A flow hole 35 is formed in the peripheral wall portion 21 at a portion close to the partition wall 23 to allow the inside of the fuel tank and the inside of the valve chamber V to communicate with each other (see FIGS. 1 and 7). The flow hole 35 is configured to maintain a state in which the flow hole 35 is not immersed except when a vehicle tilts or rolls over, or when refueling the fuel tank, and serves as a portion through which air in the fuel tank flows into the valve chamber V.

Further, as shown in FIG. 1, an annular protrusion 37a protrudes from an outer periphery of the lower end portion 37 in the axial direction of the peripheral wall portion 21.

Next, the upper cover 40 attached above the housing main body 20 will be described with reference to FIGS. 1, 2, 6, and 7.

The upper cover 40 includes the peripheral wall portion 41 having a substantially cylindrical shape, and a ceiling portion thereof is closed. The upper cover 40 further includes a flange portion 43 protruding outward in a radial direction from an outer peripheral edge of a lower end of the peripheral wall portion 41, and has a substantially hat shape with an open bottom and a closed top.

As shown in FIG. 1, a plurality of engaging pieces 45 extend downward from an inner peripheral edge of the flange portion 43. Each of the engaging pieces 45 has an engaging hole 45a formed therein.

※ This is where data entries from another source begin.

text \<open>The height function is strictly increasing towards the root; along an edge it is
  a homeomorphism onto an interval, so a point of the underlying space is encoded
  as a pair (v, t): the point of height t on the edge from node v up to its parent
  (or on the ray above the root, if v is the root).\<close>

record 'a mtree =
  nodes :: "'a set"
  parent :: "'a \<Rightarrow> 'a"
  root :: 'a
  hgt :: "'a \<Rightarrow> real"

definition merge_tree :: "'a mtree \<Rightarrow> bool" where
  "merge_tree T \<longleftrightarrow> finite (nodes T) \<and> root T \<in> nodes T \<and>
     (\<forall>v\<in>nodes T. v \<noteq> root T \<longrightarrow> parent T v \<in> nodes T \<and> hgt T v < hgt T (parent T v))"

definition pts :: "'a mtree \<Rightarrow> ('a \<times> real) set" where
  "pts T = {(v, t). v \<in> nodes T \<and> hgt T v \<le> t \<and> (v \<noteq> root T \<longrightarrow> t < hgt T (parent T v))}"

definition pstep :: "'a mtree \<Rightarrow> 'a \<Rightarrow> 'a" where
  "pstep T v = (if v = root T then v else parent T v)"

definition anc :: "'a mtree \<Rightarrow> 'a \<Rightarrow> 'a \<Rightarrow> bool" where
  "anc T u v \<longleftrightarrow> (\<exists>k. (pstep T ^^ k) v = u)"

text \<open>Ancestor relation on points: pt_anc T x y means x \<succeq> y.\<close>
definition pt_anc :: "'a mtree \<Rightarrow> ('a \<times> real) \<Rightarrow> ('a \<times> real) \<Rightarrow> bool" where
  "pt_anc T x y \<longleftrightarrow> x \<in> pts T \<and> y \<in> pts T \<and> snd y \<le> snd x \<and> anc T (fst x) (fst y)"

text \<open>The ancestor of x at height c (so up T u (h u + eps) is u^eps).\<close>
definition up :: "'a mtree \<Rightarrow> ('a \<times> real) \<Rightarrow> real \<Rightarrow> ('a \<times> real)" where
  "up T x c = (THE y. pt_anc T y x \<and> snd y = c)"

definition depth :: "'a mtree \<Rightarrow> ('a \<times> real) \<Rightarrow> real" where
  "depth T x = Sup {snd x - snd y | y. pt_anc T x y}"

text \<open>Path metric on the underlying space (edge lengths = height differences).\<close>
definition tdist :: "'a mtree \<Rightarrow> ('a \<times> real) \<Rightarrow> ('a \<times> real) \<Rightarrow> real" where
  "tdist T x y = (let c = Inf {snd z | z. pt_anc T z x \<and> pt_anc T z y} in (c - snd x) + (c - snd y))"

definition tcontinuous_on ::
  "'a mtree \<Rightarrow> 'b mtree \<Rightarrow> ('a \<times> real) set \<Rightarrow> (('a \<times> real) \<Rightarrow> ('b \<times> real)) \<Rightarrow> bool" where
  "tcontinuous_on T1 T2 A \<alpha> \<longleftrightarrow>
     (\<forall>x\<in>A. \<forall>e>0. \<exists>d>0. \<forall>y\<in>A. tdist T1 x y < d \<longrightarrow> tdist T2 (\<alpha> x) (\<alpha> y) < e)"

definition lev :: "'a mtree \<Rightarrow> real \<Rightarrow> ('a \<times> real) set" where
  "lev T c = {x \<in> pts T. snd x = c}"

text \<open>Sorted heights h_1 < ... < h_m of the superlevels of T1 (0-based list);
  the superlevels of T2 have heights h_i + delta.\<close>
definition suplev_heights :: "'a mtree \<Rightarrow> 'b mtree \<Rightarrow> real \<Rightarrow> real list" where
  "suplev_heights T1 T2 \<delta> =
     sorted_list_of_set (hgt T1 ` nodes T1 \<union> (\<lambda>c. c - \<delta>) ` hgt T2 ` nodes T2)"

definition valid_pair :: "'a mtree \<Rightarrow> 'b mtree \<Rightarrow> real \<Rightarrow> ('a \<times> real) set \<Rightarrow> ('b \<times> real) \<Rightarrow> bool" where
  "valid_pair T1 T2 \<delta> S w \<longleftrightarrow> S \<noteq> {} \<and>
     (\<exists>j < length (suplev_heights T1 T2 \<delta>).
        S \<subseteq> lev T1 (suplev_heights T1 T2 \<delta> ! j) \<and>
        w \<in> lev T2 (suplev_heights T1 T2 \<delta> ! j + \<delta>) \<and>
        (\<forall>x\<in>S. \<forall>y\<in>S. up T1 x (suplev_heights T1 T2 \<delta> ! j + 2 * \<delta>) =
                          up T1 y (suplev_heights T1 T2 \<delta> ! j + 2 * \<delta>)))"
(* For any election $(V,C,\sigma)$ and candidate $a\in C$, if the integral domination graph $G(a)$ admits a perfect matching, then $\mathrm{plu}(a)\ge\mathrm{veto}(a)$.
   Context: An election: finite nonempty voter set $V$, finite candidate set $C$, a profile of linear orders $\sigma_i$ over $C$; $a\succeq_i c$ means $a=c$ or $i$ ranks $a$ above $c$; $\mathrm{top}(i)$ is $i$'s first choice. $\mathrm{plu}(a)$ is the number of voters ranking $a$ first and $\mathrm{veto}(a)$ the number of voters ranking $a$ last. The integral domination graph $G(a)$ is the bipartite graph with both sides copies of $V$ and edge $(i,j)$ iff $a\succeq_i\mathrm{top}(j)$. *)

theory Defs
  imports Main
begin

text \<open>An election: finite nonempty voter set V, finite candidate set C, and a profile
  assigning to each voter a linear order over C, represented as a list of all candidates
  without repetition (first element = most preferred).\<close>

definition election :: "'v set \<Rightarrow> 'c set \<Rightarrow> ('v \<Rightarrow> 'c list) \<Rightarrow> bool" where
  "election V C \<sigma> \<longleftrightarrow> finite V \<and> V \<noteq> {} \<and> finite C \<and>
     (\<forall>i\<in>V. distinct (\<sigma> i) \<and> set (\<sigma> i) = C)"

definition weakly_prefers :: "('v \<Rightarrow> 'c list) \<Rightarrow> 'v \<Rightarrow> 'c \<Rightarrow> 'c \<Rightarrow> bool" where
  "weakly_prefers \<sigma> i a c \<longleftrightarrow> a = c \<or>
     (\<exists>p q. p < q \<and> q < length (\<sigma> i) \<and> \<sigma> i ! p = a \<and> \<sigma> i ! q = c)"

definition top :: "('v \<Rightarrow> 'c list) \<Rightarrow> 'v \<Rightarrow> 'c" where
  "top \<sigma> i = hd (\<sigma> i)"

definition plu :: "'v set \<Rightarrow> ('v \<Rightarrow> 'c list) \<Rightarrow> 'c \<Rightarrow> nat" where
  "plu V \<sigma> a = card {i\<in>V. top \<sigma> i = a}"

definition veto :: "'v set \<Rightarrow> ('v \<Rightarrow> 'c list) \<Rightarrow> 'c \<Rightarrow> nat" where
  "veto V \<sigma> a = card {i\<in>V. last (\<sigma> i) = a}"

text \<open>Integral domination graph G(a): bipartite, both sides copies of V; edge (i,j)
  (i on the left, j on the right) iff a \<succeq>_i top(j).\<close>
definition dom_graph :: "'v set \<Rightarrow> ('v \<Rightarrow> 'c list) \<Rightarrow> 'c \<Rightarrow> ('v \<times> 'v) set" where
  "dom_graph V \<sigma> a = {(i, j). i \<in> V \<and> j \<in> V \<and> weakly_prefers \<sigma> i a (top \<sigma> j)}"

definition has_perfect_matching :: "'v set \<Rightarrow> ('v \<times> 'v) set \<Rightarrow> bool" where
  "has_perfect_matching V E \<longleftrightarrow> (\<exists>\<pi>. bij_betw \<pi> V V \<and> (\<forall>i\<in>V. (i, \<pi> i) \<in> E))"

end

theory Submission
  imports Defs
begin

text \<open>A voter who ranks \<open>a\<close> last is adjacent in \<open>G(a)\<close> only to voters whose first choice
  is \<open>a\<close>. A perfect matching therefore injects the voters vetoing \<open>a\<close> into the voters
  ranking \<open>a\<close> first.\<close>

lemma distinct_nth_before_neq_last:
  assumes "distinct xs" "p < q" "q < length xs"
  shows "xs ! p \<noteq> last xs"
proof
  have "xs \<noteq> []"
    using assms(3) by auto
  assume "xs ! p = last xs"
  also from \<open>xs \<noteq> []\<close> have "last xs = xs ! (length xs - 1)"
    by (rule last_conv_nth)
  finally have "p = length xs - 1"
    using assms by (simp add: nth_eq_iff_index_eq)
  with assms(2,3) show False by simp
qed

lemma weakly_prefers_last_imp_eq:
  assumes "distinct (\<sigma> i)" "weakly_prefers \<sigma> i (last (\<sigma> i)) c"
  shows "c = last (\<sigma> i)"
  using assms distinct_nth_before_neq_last unfolding weakly_prefers_def by metis

lemma dom_graph_edge_from_vetoer:
  assumes "election V C \<sigma>" "(i, j) \<in> dom_graph V \<sigma> a" "last (\<sigma> i) = a"
  shows "top \<sigma> j = a"
proof -
  have "i \<in> V" "weakly_prefers \<sigma> i a (top \<sigma> j)"
    using assms(2) unfolding dom_graph_def by auto
  moreover from \<open>i \<in> V\<close> have "distinct (\<sigma> i)"
    using assms(1) unfolding election_def by blast
  ultimately show ?thesis
    using weakly_prefers_last_imp_eq assms(3) by metis
qed

theorem lemma6:
  fixes V :: "'v set" and C :: "'c set" and \<sigma> :: "'v \<Rightarrow> 'c list" and a :: 'c
  assumes "election V C \<sigma>"
    and "a \<in> C"
    and "has_perfect_matching V (dom_graph V \<sigma> a)"
  shows "plu V \<sigma> a \<ge> veto V \<sigma> a"
proof -
  obtain \<pi> where bij: "bij_betw \<pi> V V" and edge: "\<forall>i\<in>V. (i, \<pi> i) \<in> dom_graph V \<sigma> a"
    using assms(3) unfolding has_perfect_matching_def by blast
  let ?vetoers = "{i\<in>V. last (\<sigma> i) = a}" and ?tops = "{i\<in>V. top \<sigma> i = a}"
  have "inj_on \<pi> ?vetoers"
    using bij_betw_imp_inj_on[OF bij] by (rule inj_on_subset) auto
  moreover have "\<pi> ` ?vetoers \<subseteq> ?tops"
    using edge dom_graph_edge_from_vetoer[OF assms(1)] bij_betw_apply[OF bij] by auto
  moreover have "finite ?tops"
    using assms(1) unfolding election_def by simp
  ultimately have "card ?vetoers \<le> card ?tops"
    by (rule card_inj_on_le)
  then show ?thesis unfolding plu_def veto_def .
qed

end
text \<open>Necessity: with d \<le> e, e must be a multiple k d with k \<le> n; otherwise d n would
  lie in the gap between d (n - 1) and d (n - 1) + e.\<close>
lemma AP_sumset_imp_multiple:
  assumes AP: "AP_set (sumset (ap 0 d n) (ap 0 e m))" and "d \<le> e" "d > 0" "n \<ge> 2" "m \<ge> 2"
  shows "\<exists>k>0. e = k * d \<and> k \<le> n"
proof -
  let ?S = "sumset (ap 0 d n) (ap 0 e m)"
  obtain N where N: "?S = ap 0 d N" using AP_sumset_ap_diff[OF assms] .
  have S: "x \<in> ?S \<longleftrightarrow> (\<exists>i<n. \<exists>j<m. x = d * i + e * j)" for x unfolding mem_sumset_ap by simp
  have "e \<in> ?S" unfolding S using assms by (intro exI[of _ 0] exI[of _ 1]) auto
  then obtain k where k: "e = d * k" unfolding N mem_ap by auto
  then have "k > 0" using assms by (cases k) auto
  have "k \<le> n"
  proof (rule ccontr)
    assume "\<not> k \<le> n"
    have "d * (n - 1) + e \<in> ?S" unfolding S using assms by (intro exI[of _ "n - 1"] exI[of _ 1]) auto
    then obtain t where t: "t < N" "d * (n - 1) + e = d * t" unfolding N mem_ap by auto
    moreover have "d * (n - 1) + e = d * (n - 1 + k)" using k by (simp add: distrib_left)
    ultimately have "t = n - 1 + k" using assms by simp
    then have "n < N" using t \<open>\<not> k \<le> n\<close> by linarith
    then have "d * n \<in> ?S" unfolding N mem_ap by (intro exI[of _ n]) simp
    then obtain i j where ij: "i < n" "j < m" "d * n = d * i + e * j" unfolding S by auto
    then have "d * n = d * (i + k * j)" using k by (simp add: algebra_simps)
    then have "n = i + k * j" using assms by simp
    moreover have "j \<noteq> 0" using ij \<open>n = i + k * j\<close> by auto
    then have "k \<le> k * j" by simp
    ultimately show False using \<open>\<not> k \<le> n\<close> by linarith
  qed
  then show ?thesis using k \<open>k > 0\<close> by (auto simp: mult.commute)
qed

theorem AP_sumset_ap_iff:
  assumes "d > 0" "e > 0" "n \<ge> 2" "m \<ge> 2"
  shows "AP_set (sumset (ap a d n) (ap b e m)) \<longleftrightarrow> compatible d n e m"
proof -
  have shift: "sumset (ap a d n) (ap b e m) = (+) (a + b) ` sumset (ap 0 d n) (ap 0 e m)"
    by (simp only: ap_shift[of a d n] ap_shift[of b e m] sumset_shift)
  have "AP_set (sumset (ap 0 d n) (ap 0 e m)) \<longleftrightarrow> compatible d n e m"
  proof
    assume AP: "AP_set (sumset (ap 0 d n) (ap 0 e m))"
    show "compatible d n e m"
    proof (cases "d \<le> e")
      case True
      then show ?thesis using AP_sumset_imp_multiple[OF AP] assms unfolding compatible_def by blast
    next
      case False
      have "AP_set (sumset (ap 0 e m) (ap 0 d n))" using AP by (simp only: sumset_commute)
      then show ?thesis using AP_sumset_imp_multiple[of e m d n] False assms
        unfolding compatible_def by auto
    qed
  next
    assume "compatible d n e m"
    then obtain k where "k > 0" "(e = k * d \<and> k \<le> n) \<or> (d = k * e \<and> k \<le> m)"
      unfolding compatible_def by blast
    then show "AP_set (sumset (ap 0 d n) (ap 0 e m))"
    proof (elim disjE conjE)
      assume "e = k * d" "k \<le> n"
      then have "sumset (ap 0 d n) (ap 0 e m) = ap 0 d (n + k * (m - 1))"
        using sumset_ap_multiple \<open>k > 0\<close> assms by simp
      moreover have "n + k * (m - 1) \<ge> 2" using assms by simp
      ultimately show ?thesis unfolding AP_set_iff using assms by blast
    next
      assume "d = k * e" "k \<le> m"
      then have "sumset (ap 0 e m) (ap 0 d n) = ap 0 e (m + k * (n - 1))"
        using sumset_ap_multiple \<open>k > 0\<close> assms by simp
      moreover have "m + k * (n - 1) \<ge> 2" using assms by simp
      ultimately show ?thesis unfolding AP_set_iff using assms sumset_commute by metis
    qed
  qed
  then show ?thesis unfolding shift AP_set_shift .
qed

section \<open>Sums of two distinct powers of two\<close>

lemma sum_two_powers_ordered:
  assumes "i < j" "k < l" "(2::nat) ^ i + 2 ^ j = 2 ^ k + 2 ^ l"
  shows "i = k \<and> j = l"
proof -
  text \<open>If i < k, dividing by 2^i leaves an odd number on the left, an even one on the right.\<close>
  have no_smaller: False if "i < k" "i < j" "k < l" "(2::nat) ^ i + 2 ^ j = 2 ^ k + 2 ^ l" for i j k l
  proof -
    have "(2::nat) ^ i + 2 ^ j = 2 ^ i * (1 + 2 ^ (j - i))"
      using that by (simp add: algebra_simps flip: power_add)
    moreover have "(2::nat) ^ k + 2 ^ l = 2 ^ i * (2 ^ (k - i) * (1 + 2 ^ (l - k)))"
      using that by (simp add: algebra_simps flip: power_add)
    ultimately have "(2::nat) ^ i * (1 + 2 ^ (j - i)) = 2 ^ i * (2 ^ (k - i) * (1 + 2 ^ (l - k)))"
      using that by simp
    then have "(1::nat) + 2 ^ (j - i) = 2 ^ (k - i) * (1 + 2 ^ (l - k))"
      by (metis mult_left_cancel power_not_zero zero_neq_numeral)
    moreover have "odd ((1::nat) + 2 ^ (j - i))" using that by simp
    ultimately show False using that by simp
  qed
  have "i = k" using no_smaller[of i k j l] no_smaller[of k i l j] assms by (metis linorder_neqE_nat)
  then show ?thesis using assms by simp
qed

The engaging pieces 45 of the upper cover 40 are inserted through the corresponding insertion holes 25a of the housing main body 20, and the corresponding first engaging protrusions 29 are respectively engaged with the engaging holes 45a. As a result, as shown in FIGS. 6 and 7, the upper cover 40 is attached above the housing main body 20 via the seal ring 18, and the ventilation chamber R communicating with the outside of the fuel tank is formed above the partition wall 23.

A fuel vapor discharge port 41a (hereinafter, also simply referred to as a “discharge port 41a”) having a substantially circular hole shape is formed at a predetermined portion in a peripheral direction of the peripheral wall portion 41 so as to penetrate through the peripheral wall portion 41 (see FIG. 6). A fuel vapor pipe 47 (hereinafter, also simply referred to as a “pipe 47”) extends by a predetermined length from a front-side peripheral edge of the discharge port 41a of the peripheral wall portion 41. The pipe 47 communicates with the discharge port 41a.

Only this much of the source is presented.